L is for Lay-In

Today’s Behind Bars themed blog for the A-Z Blog Challenge is the letter “L” and the word is “Lay-In”.  This is probably a hyphenated word made of the two words “lay” and “in” and could be considered the opposite of the word “Lay-Out” frequently used in the so-called Free World (outside the prison setting.)  However, this is not the case.  In fact, the two terms means the exact same thing.  If you are involved in something, work, athletics, whatever and you are ill or have other problems, you might want to “lay-out” of the activities for awhile in order to recouperate.  “Lay-In” as used behind bars, oftentimes, means the exact same thing if the “lay-in” is for medical purposes, i.e. doctor’s appointment, recovery, illnesses, therapy, etc.  But that is where the similarity ends betwixt “lay-in” and “lay-out” ends.

Behind Bars, a “lay-in” is an extremely useful tool.  And the uses are practically unlimited since the incarcerated mind is unfettered in its ability to soar into the highest altitudes of creative thinking possible for the human mind.  If offenders put as much effort into their creative use of the “lay-in” into other, more lucrative, more productive subjects, most of them would be very, very wealthy individuals and would probably never have been incarcerated in the first place, or at least, they may have gotten away with the crimes of which they were convicted.

For example, let’s assume that a certain individual does not want to participate in the work program.  In the prison setting in which I worked, offenders were required to work in order to be eligible for many of the programs established for their so-called rehabilitation and/or reintegration into society.  And let’s say that this individual has no major medical problems or other conditions preventing him/her from working in the laundry folding clothes, or in the yard picking up trash, or in the kitchen running a dishwasher.  This individual has a problem:  He/she is healthy and… Behind Bars.  Now this is not a good thing because he/she will be expected to not only work, but will also have to participate in educational programs and other programs as well, such as Alcoholic’s Anonymous or Drug Rehab classes or, even expected to take classes to learn English, if they cannot speak or understand English well enough to get along.

It becomes a driving force in the offender’s life to find new and creative ways to have themselve “laid-in” whenever worktime, schooltime or program time rolls around.  In order to cut this short, I will simply list a number of excuses offenders have used to procure “lay-ins”:

Back Injury, Dizziness, Chest Pains, Eye Strain, Allergies, Stress, Paranoia, Hearing Voices, Aversion to Smells, Fear of heights, Death in the Family, Breaking up with girlfriend, wife, baby-mama, Depression, Psychosis, Toothache, Headache, Insomnia, Hemorrhoids, Ingrown Toenails, Hangnails, Nausea, Vomiting, Diarrhea, Sleepiness, Fear of Staff, Fear of Retaliation, Fear of this, Fear of that, etc, etc.

Now I will attempt to list from memory of some of the restrictions obtained from various authorities within the prison system.

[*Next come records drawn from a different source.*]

lemma eventually_set_integral_less:
  fixes h :: "'b \<Rightarrow> real" and A :: "real \<Rightarrow> 'b set"
  assumes h: "integrable M h" "\<And>x. h x \<ge> 0"
    and A: "\<And>t. A t \<in> sets M" "\<And>s t. s \<le> t \<Longrightarrow> A t \<subseteq> A s"
    and escape: "\<And>x. x \<in> space M \<Longrightarrow> h x = 0 \<or> (\<exists>t. x \<notin> A t)"
    and "e > 0"
  shows "\<forall>\<^sub>F t in at_top. (\<integral>x\<in>A t. h x \<partial>M) < e"
proof -
  have "\<forall>\<^sub>F t in at_top. (\<integral>\<^sup>+x. ennreal (h x) * indicator (A t) x \<partial>M) < ennreal e"
    using h A escape \<open>e > 0\<close>
    by (intro eventually_nn_integral_indicator_less)
       (auto simp: nn_integral_eq_integral borel_measurable_integrable)
  then show ?thesis
  proof eventually_elim
    case (elim t)
    have "(\<integral>\<^sup>+x. ennreal (h x) * indicator (A t) x \<partial>M) = ennreal (\<integral>x\<in>A t. h x \<partial>M)"
      unfolding set_lebesgue_integral_def
      using integrable_real_mult_indicator[OF A(1) h(1)] h(2)
      by (subst nn_integral_eq_integral[symmetric]) (auto intro!: nn_integral_cong simp: indicator_def mult.commute)
    moreover have "(\<integral>x\<in>A t. h x \<partial>M) \<ge> 0"
      unfolding set_lebesgue_integral_def by (rule integral_nonneg_AE) (simp add: h(2))
    ultimately show ?case using elim by (simp add: ennreal_less_iff)
  qed
qed

lemma eventually_set_integral_superlevel_less:
  fixes h :: "'b \<Rightarrow> real"
  assumes h: "integrable M h" "\<And>x. h x \<ge> 0" and "e > 0"
  shows "\<forall>\<^sub>F t in at_top. (\<integral>x\<in>{x \<in> space M. t \<le> h x}. h x \<partial>M) < e"
proof (rule eventually_set_integral_less[OF h])
  note borel_measurable_integrable[OF h(1), measurable]
  show "{x \<in> space M. t \<le> h x} \<in> sets M" for t
    by measurable
  show "h x = 0 \<or> (\<exists>t. x \<notin> {x \<in> space M. t \<le> h x})" for x
  proof -
    have "x \<notin> {x \<in> space M. h x + 1 \<le> h x}" by simp
    then show ?thesis by blast
  qed
qed (use \<open>e > 0\<close> in auto)

lemma set_integral_le_on_small_sets:
  fixes h :: "'b \<Rightarrow> real"
  assumes h: "integrable M h" "\<And>x. h x \<ge> 0" and "\<theta> > 0"
  obtains \<eta> where "\<eta> > 0"
    and "\<And>K. K \<in> fmeasurable M \<Longrightarrow> measure M K \<le> \<eta> \<Longrightarrow> (\<integral>x\<in>K. h x \<partial>M) \<le> \<theta>"
proof -
  define A where "A t = {x \<in> space M. t \<le> h x}" for t
  have "\<forall>\<^sub>F t in at_top. (\<integral>x\<in>A t. h x \<partial>M) < \<theta>/2"
    unfolding A_def using \<open>\<theta> > 0\<close> by (intro eventually_set_integral_superlevel_less[OF h]) simp
  then obtain T0 where T0: "\<And>t. t \<ge> T0 \<Longrightarrow> (\<integral>x\<in>A t. h x \<partial>M) < \<theta>/2"
    by (auto simp: eventually_at_top_linorder)
  define T where "T = max T0 1"
  have T: "T > 0" "(\<integral>x\<in>A T. h x \<partial>M) < \<theta>/2"
    using T0[of T] by (auto simp: T_def)
  show ?thesis
  proof
    show "\<theta> / (2 * T) > 0" using \<open>\<theta> > 0\<close> T by simp
    fix K assume K: "K \<in> fmeasurable M" "measure M K \<le> \<theta> / (2 * T)"
    have int: "integrable M (\<lambda>x. T * indicator K x + indicator (A T) x * h x)"
      using K(1) h(1) integrable_real_mult_indicator[of "A T" M h]
      by (auto simp: A_def fmeasurable_def mult.commute intro!: integrable_real_indicator)
    have "K \<in> sets M" using K(1) by (simp add: fmeasurable_def)
    have "(\<integral>x\<in>K. h x \<partial>M) \<le> (\<integral>x. T * indicator K x + indicator (A T) x * h x \<partial>M)"
      unfolding set_lebesgue_integral_def
    proof (rule integral_mono[OF _ int])
      show "integrable M (\<lambda>x. indicator K x *\<^sub>R h x)"
        using integrable_real_mult_indicator[OF \<open>K \<in> sets M\<close> h(1)] by (simp add: mult.commute)
      show "indicator K x *\<^sub>R h x \<le> T * indicator K x + indicator (A T) x * h x" if "x \<in> space M" for x
        using that T(1) h(2)[of x] by (auto simp: A_def indicator_def)
    qed
    also have "\<dots> = T * measure M K + (\<integral>x\<in>A T. h x \<partial>M)"
      using int K(1) integrable_real_mult_indicator[of "A T" M h] h(1)
      by (subst Bochner_Integration.integral_add)
         (auto simp: set_lebesgue_integral_def A_def fmeasurable_def mult.commute intro!: integrable_real_indicator)
    also have "\<dots> \<le> \<theta>"
      using K(2) T by (simp add: field_simps)
    finally show "(\<integral>x\<in>K. h x \<partial>M) \<le> \<theta>" .
  qed
qed

section \<open>Mass of an \<open>L\<^sup>p\<close> function on balls\<close>

lemma le_powr_plus:
  fixes t c p :: real
  assumes "t \<ge> 0" and "c > 0" and "p \<ge> 1"
  shows "t \<le> c powr (1 - p) * t powr p + c"
proof (cases "t \<le> c")
  case True
  then show ?thesis using assms by (simp add: add_increasing)
next
  case False
  then have t: "t > c" by simp
  have "t powr p = t powr ((p - 1) + 1)" by simp
  also have "\<dots> = t powr (p - 1) * t powr 1" by (rule powr_add)
  finally have tp: "t powr p = t powr (p - 1) * t"
    using t assms by simp
  have "c powr (1 - p) * c powr (p - 1) = 1"
    using assms by (simp add: powr_add[symmetric])
  moreover have "c powr (1 - p) * c powr (p - 1) \<le> c powr (1 - p) * t powr (p - 1)"
    using t assms by (intro mult_left_mono powr_mono2) auto
  ultimately have "t \<le> (c powr (1 - p) * t powr (p - 1)) * t"
    using t assms by (simp add: mult_le_cancel_right1)
  then show ?thesis
    using tp assms by (simp add: mult.assoc add_increasing2)
qed

lemma set_integral_le_powr_plus:
  fixes f :: "'b \<Rightarrow> real"
  assumes f: "f \<in> borel_measurable M" "\<And>x. f x \<ge> 0" "integrable M (\<lambda>x. f x powr p)"
    and "p \<ge> 1" and K: "K \<in> fmeasurable M" and "c > 0"
  shows "set_integrable M K f"
    and "(\<integral>x\<in>K. f x \<partial>M) \<le> c powr (1 - p) * (\<integral>x\<in>K. f x powr p \<partial>M) + c * measure M K"
proof -
  have Ks: "K \<in> sets M" and "emeasure M K < \<infinity>" using K by (auto simp: fmeasurable_def)
  define B where "B x = c powr (1 - p) * (indicator K x * f x powr p) + c * indicator K x" for x
  have intB: "integrable M B"
    unfolding B_def using integrable_real_mult_indicator[OF Ks f(3)] \<open>emeasure M K < \<infinity>\<close> Ks
    by (intro Bochner_Integration.integrable_add integrable_mult_right integrable_real_indicator)
       (auto simp: mult.commute)
  have pointwise: "indicator K x * f x \<le> B x" for x
    using le_powr_plus[OF f(2) \<open>c > 0\<close> \<open>p \<ge> 1\<close>, of x] by (simp add: B_def indicator_def)
  show int: "set_integrable M K f"
    unfolding set_integrable_def
  proof (rule Bochner_Integration.integrable_bound[OF intB])
    show "(\<lambda>x. indicator K x *\<^sub>R f x) \<in> borel_measurable M"
      by (rule borel_measurable_scaleR[OF borel_measurable_indicator[OF Ks] f(1)])
    show "AE x in M. norm (indicator K x *\<^sub>R f x) \<le> norm (B x)"
    proof (rule AE_I2)
      fix x
      have "0 \<le> indicator K x * f x" using f(2)[of x] by simp
      then show "norm (indicator K x *\<^sub>R f x) \<le> norm (B x)"
        using pointwise[of x] by simp
    qed
  qed
  have "(\<integral>x\<in>K. f x \<partial>M) \<le> integral\<^sup>L M B"
    using int intB pointwise unfolding set_lebesgue_integral_def set_integrable_def
    by (intro integral_mono) auto
  also have "\<dots> = c powr (1 - p) * (\<integral>x\<in>K. f x powr p \<partial>M) + c * measure M K"
    unfolding B_def set_lebesgue_integral_def
    using integrable_real_mult_indicator[OF Ks f(3)] \<open>emeasure M K < \<infinity>\<close> Ks
    by (subst Bochner_Integration.integral_add)
       (auto simp: mult.commute intro!: integrable_mult_right integrable_real_indicator)
  finally show "(\<integral>x\<in>K. f x \<partial>M) \<le> c powr (1 - p) * (\<integral>x\<in>K. f x powr p \<partial>M) + c * measure M K" .
qed

lemma measure_cball_eq_unit_ball:
  "r \<ge> 0 \<Longrightarrow> measure lborel (cball (x::'a::euclidean_space) r) = measure lborel (ball (0::'a) 1) * r ^ DIM('a)"
  using content_cball_conv_ball[of x r] content_ball_conv_unit_ball[of r x] by simp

Pro-longed walking, Pro-longed sitting, Pro-longed standing, No lifting over ?? pounds, No pushing, No pulling, No reaching, No bending, No squatting, No walk on wet/uneven surfaces, No excessive heat, No excessive cold, No fumes/strong smells, No loud noises, No complicated instructions, No exposure to sunlight (reserved for vampires), No repetitive use of hands, No working around machines with moving parts.

The more restrictions you can get placed on your record, the less likely it is that a job or program will be found for which you are suited.  I was sometimes amazed at the number of restrictions placed on certain offenders and wondered how they managed to get through the day… hmmm.

2 thoughts on “L is for Lay-In

  1. If I ever decide to write a book involving prison time, I know where to come for research! Your in-depth posts on the topic are quite impressive 🙂

  2. Patty Craig says:

    There are people like that outside too. I often wondered about all the time spent on trying to rob a bank or steal a painting you see in the movies? And glamourized and glorified too.